Cytoskeleton stiffness regulates cellular senescence and innate immune response in Hutchinson–Gilford Progeria Syndrome

• Published in: Aging cell Vol. 19; no. 8; pp. e13152 - n/a
• Main Authors: Mu, Xiaodong, Tseng, Chieh, Hambright, William S., Matre, Polina, Lin, Chih‐Yi, Chanda, Palas, Chen, Wanqun, Gu, Jianhua, Ravuri, Sudheer, Cui, Yan, Zhong, Ling, Cooke, John P., Niedernhofer, Laura J., Robbins, Paul D., Huard, Johnny
• Format: Journal Article
• Language: English
• Published: England John Wiley & Sons, Inc 01.08.2020; John Wiley and Sons Inc
• Subjects: accelerated aging; Actin; Aging; Animals; Cell activation; cell nucleus; cellular senescence; Cellular Senescence - immunology; Cytoskeleton; Cytoskeleton - immunology; Deoxyribonucleic acid; DNA; DNA damage; Fibroblasts; Gene expression; Gene mutations; Genetic aspects; Humans; Immune response; Immunity, Innate - immunology; Innate immunity; Mechanical properties; Mesenchyme; Mice; Micronuclei; Musculoskeletal system; Mutation; Original; Phenotypes; Progeria; Progeria - immunology; Proteins; Rho-associated kinase; RhoA protein; Senescence; siRNA; skeletal muscle; Stem cell transplantation; Stem cells; accelerated aging; stem cells; cell nucleus; cellular senescence; skeletal muscle
• ISSN: 1474-9718; 1474-9726
• DOI: 10.1111/acel.13152

Hutchinson–Gilford progeria syndrome (HGPS) is caused by the accumulation of mutant prelamin A (progerin) in the nuclear lamina, resulting in increased nuclear stiffness and abnormal nuclear architecture.

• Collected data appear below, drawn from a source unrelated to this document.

(* Let $(x_n)_{n\ge0}$ be an infinite path in $\Gamma$ with $\ell(x_n)=n$. For each nonreal $z$ let $v_z$ be the nonzero solution of $Jv_z=zv_z$ on $\Gamma$ normalized by $v_z(x_0)=1$. Then for each $n\ge0$ there exist polynomials $b_n$ and $a_{n,x}$ ($x\in\Gamma_{x_n}$) with real coefficients such that $v_z(x)=a_{n,x}(z)/b_n(z)$ for all $x\in\Gamma_{x_n}$ and all nonreal $z$; moreover $b_n$ divides $b_{n+1}$ for every $n$.
   Context: Let $\Gamma$ be an infinite connected tree whose vertices are arranged in levels $\ell(x)\in\{0,1,2,\dots\}$: every vertex $x$ is adjacent to exactly one vertex $x'$ with $\ell(x')=\ell(x)+1$; for $\ell(x)\ge 1$ the set $N_x=\{y:\ y'=x\}$ of neighbours of $x$ on level $\ell(x)-1$ is finite and nonempty; $N_x=\emptyset$ if $\ell(x)=0$; there are no other edges. For $x\in\Gamma$, $\Gamma_x$ is the finite subtree consisting of $x$ and all its descendants. Fix $\lambda_x>0$, $\beta_x\in\mathbb R$. The Jacobi matrix $J$ acts on functions $v:\Gamma\to\mathbb C$ by $(Jv)(x)=\lambda_x v(x')+\beta_x v(x)+\sum_{y\in N_x}\lambda_y v(y)$. For nonreal $z$ a nonzero solution of $Jv=zv$ on $\Gamma$ exists, is unique up to a constant multiple, and vanishes nowhere. *)

theory Defs
  imports "HOL-Computational_Algebra.Polynomial" Complex_Main
begin

text \<open>A levelled tree on the vertex type 'v: lev x is the level, par x = x' is the unique
  neighbour one level up. N_x = {y. par y = x}.\<close>

definition children :: "('v \<Rightarrow> 'v) \<Rightarrow> 'v \<Rightarrow> 'v set" where
  "children par x = {y. par y = x}"

definition level_tree :: "('v \<Rightarrow> nat) \<Rightarrow> ('v \<Rightarrow> 'v) \<Rightarrow> bool" where
  "level_tree lev par \<longleftrightarrow>
     (\<forall>x. lev (par x) = lev x + 1) \<and>
     (\<forall>x. lev x \<ge> 1 \<longrightarrow> finite (children par x) \<and> children par x \<noteq> {}) \<and>
     (\<forall>x. lev x = 0 \<longrightarrow> children par x = {}) \<and>
     (\<forall>x y. \<exists>m n. (par ^^ m) x = (par ^^ n) y)"

definition subtree :: "('v \<Rightarrow> 'v) \<Rightarrow> 'v \<Rightarrow> 'v set" where
  "subtree par x = {y. \<exists>k. (par ^^ k) y = x}"

definition jacobi :: "('v \<Rightarrow> 'v) \<Rightarrow> ('v \<Rightarrow> real) \<Rightarrow> ('v \<Rightarrow> real) \<Rightarrow> ('v \<Rightarrow> complex) \<Rightarrow> 'v \<Rightarrow> complex" where
  "jacobi par lam bet v x =
     of_real (lam x) * v (par x) + of_real (bet x) * v x
     + (\<Sum>y\<in>children par x. of_real (lam y) * v y)"

end

theory Submission
  imports Defs
begin

text \<open>Every vertex y has a ratio function R_y with v_z(y) = R_y(z) v_z(y') which maps each open
  half-plane into the opposite one. Evaluating the eigenvalue equation at y gives
  R_y(z) = \<lambda>_y / (z - \<beta>_y - \<Sum>_{c \<in> N_y} \<lambda>_c R_c(z)); by induction on the level, all R_y are
  rational with real coefficients, and the half-plane property keeps the denominator nonzero off
  the real axis. Since v_z(x_0) = 1 and the tree is connected, every v_z(x) is then such a
  rational function. The subtrees \<Gamma>_{x_n} are finite and increasing in n, so the product of the
  denominators over \<Gamma>_{x_n} is a common denominator b_n, and b_n divides b_{n+1}.\<close>

abbreviation cpoly :: "real poly \<Rightarrow> complex \<Rightarrow> complex" where
  "cpoly p \<equiv> poly (map_poly of_real p)"

lemma map_poly_of_real_add [simp]:
  "map_poly (of_real :: real \<Rightarrow> 'a::{real_algebra_1,comm_ring_1}) (p + q) =
     map_poly of_real p + map_poly of_real q"
  by (rule poly_eqI) (simp add: coeff_map_poly)

lemma map_poly_of_real_mult [simp]:
  "map_poly (of_real :: real \<Rightarrow> 'a::{real_algebra_1,comm_ring_1}) (p * q) =
     map_poly of_real p * map_poly of_real q"
  by (rule poly_eqI) (simp add: coeff_map_poly coeff_mult)

lemma map_poly_of_real_prod [simp]:
  "map_poly (of_real :: real \<Rightarrow> 'a::{real_algebra_1,comm_ring_1}) (\<Prod>x\<in>A. f x) =
     (\<Prod>x\<in>A. map_poly of_real (f x))"
  by (induction A rule: infinite_finite_induct) simp_all

lemma cpoly_const [simp]: "cpoly [:c:] z = of_real c"
  by (simp add: map_poly_pCons)

lemma cpoly_X [simp]: "cpoly [:0, 1:] z = z"
  by (simp add: map_poly_pCons)

subsection \<open>Rational functions with real coefficients off the real axis\<close>

definition real_rational_on_nonreal :: "(complex \<Rightarrow> complex) \<Rightarrow> bool" where
  "real_rational_on_nonreal f \<longleftrightarrow>
     (\<exists>p q. \<forall>z. Im z \<noteq> 0 \<longrightarrow> cpoly q z \<noteq> 0 \<and> f z = cpoly p z / cpoly q z)"

lemma real_rational_on_nonreal_cong:
  "(\<And>z. Im z \<noteq> 0 \<Longrightarrow> f z = g z) \<Longrightarrow> real_rational_on_nonreal g \<Longrightarrow> real_rational_on_nonreal f"
  unfolding real_rational_on_nonreal_def by metis

lemma real_rational_on_nonreal_const: "real_rational_on_nonreal (\<lambda>z. of_real c)"
  unfolding real_rational_on_nonreal_def by (intro exI[of _ "[:c:]"] exI[of _ 1]) simp

lemma real_rational_on_nonreal_ident: "real_rational_on_nonreal (\<lambda>z. z)"
  unfolding real_rational_on_nonreal_def by (intro exI[of _ "[:0, 1:]"] exI[of _ 1]) simp

lemma real_rational_on_nonreal_add:
  assumes "real_rational_on_nonreal f" "real_rational_on_nonreal g"
  shows "real_rational_on_nonreal (\<lambda>z. f z + g z)"
proof -
  obtain p q where "\<And>z. Im z \<noteq> 0 \<Longrightarrow> cpoly q z \<noteq> 0 \<and> f z = cpoly p z / cpoly q z"
    using assms(1) unfolding real_rational_on_nonreal_def by blast
  moreover obtain r s where "\<And>z. Im z \<noteq> 0 \<Longrightarrow> cpoly s z \<noteq> 0 \<and> g z = cpoly r z / cpoly s z"
    using assms(2) unfolding real_rational_on_nonreal_def by blast
  ultimately show ?thesis
    unfolding real_rational_on_nonreal_def
    by (intro exI[of _ "p * s + r * q"] exI[of _ "q * s"]) (simp add: field_simps)
qed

Nuclear mechanics are tightly coupled to cytoskeletal mechanics via lamin A/C. However, the role of cytoskeletal/nuclear mechanical properties in mediating cellular senescence and the relationship between cytoskeletal stiffness, nuclear abnormalities, and senescent phenotypes remain largely unknown. Here, using muscle‐derived mesenchymal stromal/stem cells (MSCs) from the Zmpste24−/− (Z24−/−) mouse (a model for HGPS) and human HGPS fibroblasts, we investigated the mechanical mechanism of progerin‐induced cellular senescence, involving the role and interaction of mechanical sensors RhoA and Sun1/2 in regulating F‐actin cytoskeleton stiffness, nuclear blebbing, micronuclei formation, and the innate immune response. We observed that increased cytoskeletal stiffness and RhoA activation in progeria cells were directly coupled with increased nuclear blebbing, Sun2 expression, and micronuclei‐induced cGAS‐Sting activation, part of the innate immune response. Expression of constitutively active RhoA promoted, while the inhibition of RhoA/ROCK reduced cytoskeletal stiffness, Sun2 expression, the innate immune response, and cellular senescence. Silencing of Sun2 expression by siRNA also repressed RhoA activation, cytoskeletal stiffness and cellular senescence. Treatment of Zmpste24−/− mice with a RhoA inhibitor repressed cellular senescence and improved muscle regeneration. These results reveal novel mechanical roles and correlation of cytoskeletal/nuclear stiffness, RhoA, Sun2, and the innate immune response in promoting aging and cellular senescence in HGPS progeria. There is increased RhoA activation and cytoskeleton stiffness in progeria cells, which mediates increased nuclear blebbing, micronuclei formation, innate immune response, and cellular senescence. RhoA activation is coupled with elevated Sun2 expression, but not Sun1, especially in nucleus with blebbing and micronuclei. Repression of RhoA and Sun2 activation was able to reduce cytoskeleton stiffness, nuclear blebbing, and micronuclei formation and delay the progression of cellular senescence.